Javier Quiñónez Quiroz

Habían pasado demasiadas lunas llenas y otras no tanto. Los mangos habían dado más de veinticinco cosechas; el pueblo había crecido y la gente también había cambiado modas y modos. Sin embargo, ella estaba ahí, bajo los árboles, contemplando las hiedras que cubrían la puerta, esperando al príncipe o villano que llegara y pusiera fin a este cuento. Sentía el deseo de abrirse a la especulación de un espasmo, pero enseguida le llegaba la voz de la vieja abuela y de la madre que le decía: «Solo después de casada podrás estar con un hombre; si lo haces antes, te quemarás en el infierno». Y, por supuesto, frente a ese castigo del maligno, cualquiera convierte el temor en prudencia.

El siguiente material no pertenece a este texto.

(* Let $\varphi_{tm}$ be the morphism on finite sequences of numbers in $[0,1]$ defined by $\varphi_{tm}(x)=\left(\tfrac{x}{2}+\tfrac14,\ \tfrac{x}{2}+\tfrac34\right)$ if $0\le x\le \tfrac12$ and $\varphi_{tm}(x)=\left(\tfrac{x}{2}+\tfrac14,\ \tfrac{x}{2}-\tfrac14\right)$ if $\tfrac12<x\le 1$, extended by concatenation. Let $a_{tm}=\tfrac12,1,\tfrac34,\tfrac14,\tfrac58,\tfrac18,\tfrac38,\tfrac78,\ldots$ be its fixed point starting with $\tfrac12$. Then $a_{tm}$ is a canonical sequence and it is a representative of the valid permutation $\alpha_{u_{tm}}$ of the Thue–Morse word $u_{tm}=0110100110010110\cdots$ (the fixed point starting with $0$ of $0\mapsto 01,\ 1\mapsto 10$). In particular, the Thue–Morse permutation is ergodic and $a_{tm}$ is its canonical representative.
   Context: For an aperiodic infinite word $u$ over $\{0,\ldots,q-1\}$, $\alpha_u$ is the infinite permutation with $\alpha_u[i]<\alpha_u[j]$ iff the shift $T^iu=u[i]u[i+1]\cdots$ is lexicographically smaller than $T^ju$. An infinite permutation is an equivalence class of real sequences with pairwise distinct elements, two sequences $(a[n]),(b[n])$ being equivalent iff $a[i]<a[j]\Leftrightarrow b[i]<b[j]$ for all $i,j$. A real sequence $(a[i])_{i\ge0}$ is canonical if its elements are pairwise distinct, lie in $[0,1]$, and for every $t\in[0,1]$, $\#\{0\le k<n: a[j+k]<t\}/n\to t$ as $n\to\infty$ uniformly in $j$; a permutation is ergodic if it has a canonical representative. *)

theory Defs
  imports Complex_Main
begin

definition tm_morph :: "nat \<Rightarrow> nat list" where
  "tm_morph x = (if x = 0 then [0, 1] else [1, 0])"

text \<open>Its fixed point starting with 0: letter n is letter (n mod 2) of the image
  of letter (n div 2).\<close>
function u_tm :: "nat \<Rightarrow> nat" where
  "u_tm n = (if n = 0 then 0 else tm_morph (u_tm (n div 2)) ! (n mod 2))"
  by auto
termination by (relation "measure id") auto

definition phi_tm :: "real \<Rightarrow> real list" where
  "phi_tm x = (if x \<le> 1/2 then [x/2 + 1/4, x/2 + 3/4] else [x/2 + 1/4, x/2 - 1/4])"
lemma coeffs_eq_if_power_sums_eq:
  fixes a b :: "nat \<Rightarrow> complex"
  assumes h: "\<And>k. k \<ge> 1 \<Longrightarrow> (\<Sum>j=1..r. of_nat k ^ j * a j) = (\<Sum>j=1..r. of_nat k ^ j * b j)"
    and j: "j \<in> {1..r}"
  shows "a j = b j"
proof -
  define q where "q = (\<Sum>i=1..r. monom (a i - b i) i)"
  have "poly q (of_nat k) = 0" if "k \<ge> 1" for k
    using h[OF that] unfolding q_def
    by (simp add: poly_sum poly_monom algebra_simps sum_subtractf)
  then have "of_nat ` {1..} \<subseteq> {x. poly q x = (0::complex)}" by auto
  moreover have "infinite (of_nat ` {1..} :: complex set)"
  proof
    assume "finite (of_nat ` {1..} :: complex set)"
    then have "finite {1::nat..}" by (rule finite_imageD) (simp add: inj_on_def)
    then show False using infinite_Ici by blast
  qed
  ultimately have "q = 0" using poly_roots_finite finite_subset by blast
  then have "coeff q j = 0" by simp
  moreover have "coeff q j = a j - b j" unfolding q_def using j by (simp add: coeff_sum coeff_monom)
  ultimately show ?thesis by simp
qed

lemma euler_e_eq_euler_coeff:
  assumes r: "r \<ge> 1"
  shows "euler_e r = euler_coeff r"
  unfolding euler_e_def
proof (rule the_equality)
  show "(\<forall>j. j \<notin> {1..r} \<longrightarrow> euler_coeff r j = (\<lambda>\<sigma>. 0)) \<and>
        (\<forall>k::nat. k \<ge> 1 \<longrightarrow> adams r k = (\<lambda>\<sigma>. \<Sum>j=1..r. of_nat k ^ j * euler_coeff r j \<sigma>))"
    using adams_eq_sum_euler_coeff[OF _ r] by (auto simp: euler_coeff_def)
next
  fix e assume e: "(\<forall>j. j \<notin> {1..r} \<longrightarrow> e j = (\<lambda>\<sigma>. 0)) \<and>
        (\<forall>k::nat. k \<ge> 1 \<longrightarrow> adams r k = (\<lambda>\<sigma>. \<Sum>j=1..r. of_nat k ^ j * e j \<sigma>))"
  show "e = euler_coeff r"
  proof (intro ext)
    fix j s
    show "e j s = euler_coeff r j s"
    proof (cases "j \<in> {1..r}")
      case True
      show ?thesis
      proof (rule coeffs_eq_if_power_sums_eq[OF _ True])
        fix k :: nat assume k: "k \<ge> 1"
        then have "(\<Sum>i=1..r. of_nat k ^ i * e i s) = adams r k s" using e by metis
        then show "(\<Sum>i=1..r. of_nat k ^ i * e i s) = (\<Sum>i=1..r. of_nat k ^ i * euler_coeff r i s)"
          using adams_eq_sum_euler_coeff[OF k r] by simp
      qed
    qed (use e in \<open>auto simp: euler_coeff_def\<close>)
  qed
qed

Pero el día pasaba con el sopor de un sol de abril sin brisa. Su cuerpo sudaba y, de repente, vio llegar —no a un príncipe ni a un villano—, sino a un hombre de ese tiempo y sin tiempo. Retiró las hiedras de la puerta, timbró en sus pezones y pronunció en sus labios:

—¿Hay alguien ahí? —a modo de susurro.

Y, ante el silencio, entró con delicadeza. Ella sintió que el universo se caía; el alma le temblaba, los huesos oraban; el infierno se diluía en cada estertor de los movimientos, entre rápidos y lentos. Después de varios minutos de sudor compartido, amarrada a los brazos de él, sentía que un manantial fluía de su interior y una lava la quemaba suavemente. En ese momento era un universo, alcanzaba el cielo y miró a lo alto para, al final, gritar:

—Si esto es el infierno, que me lleve el putas.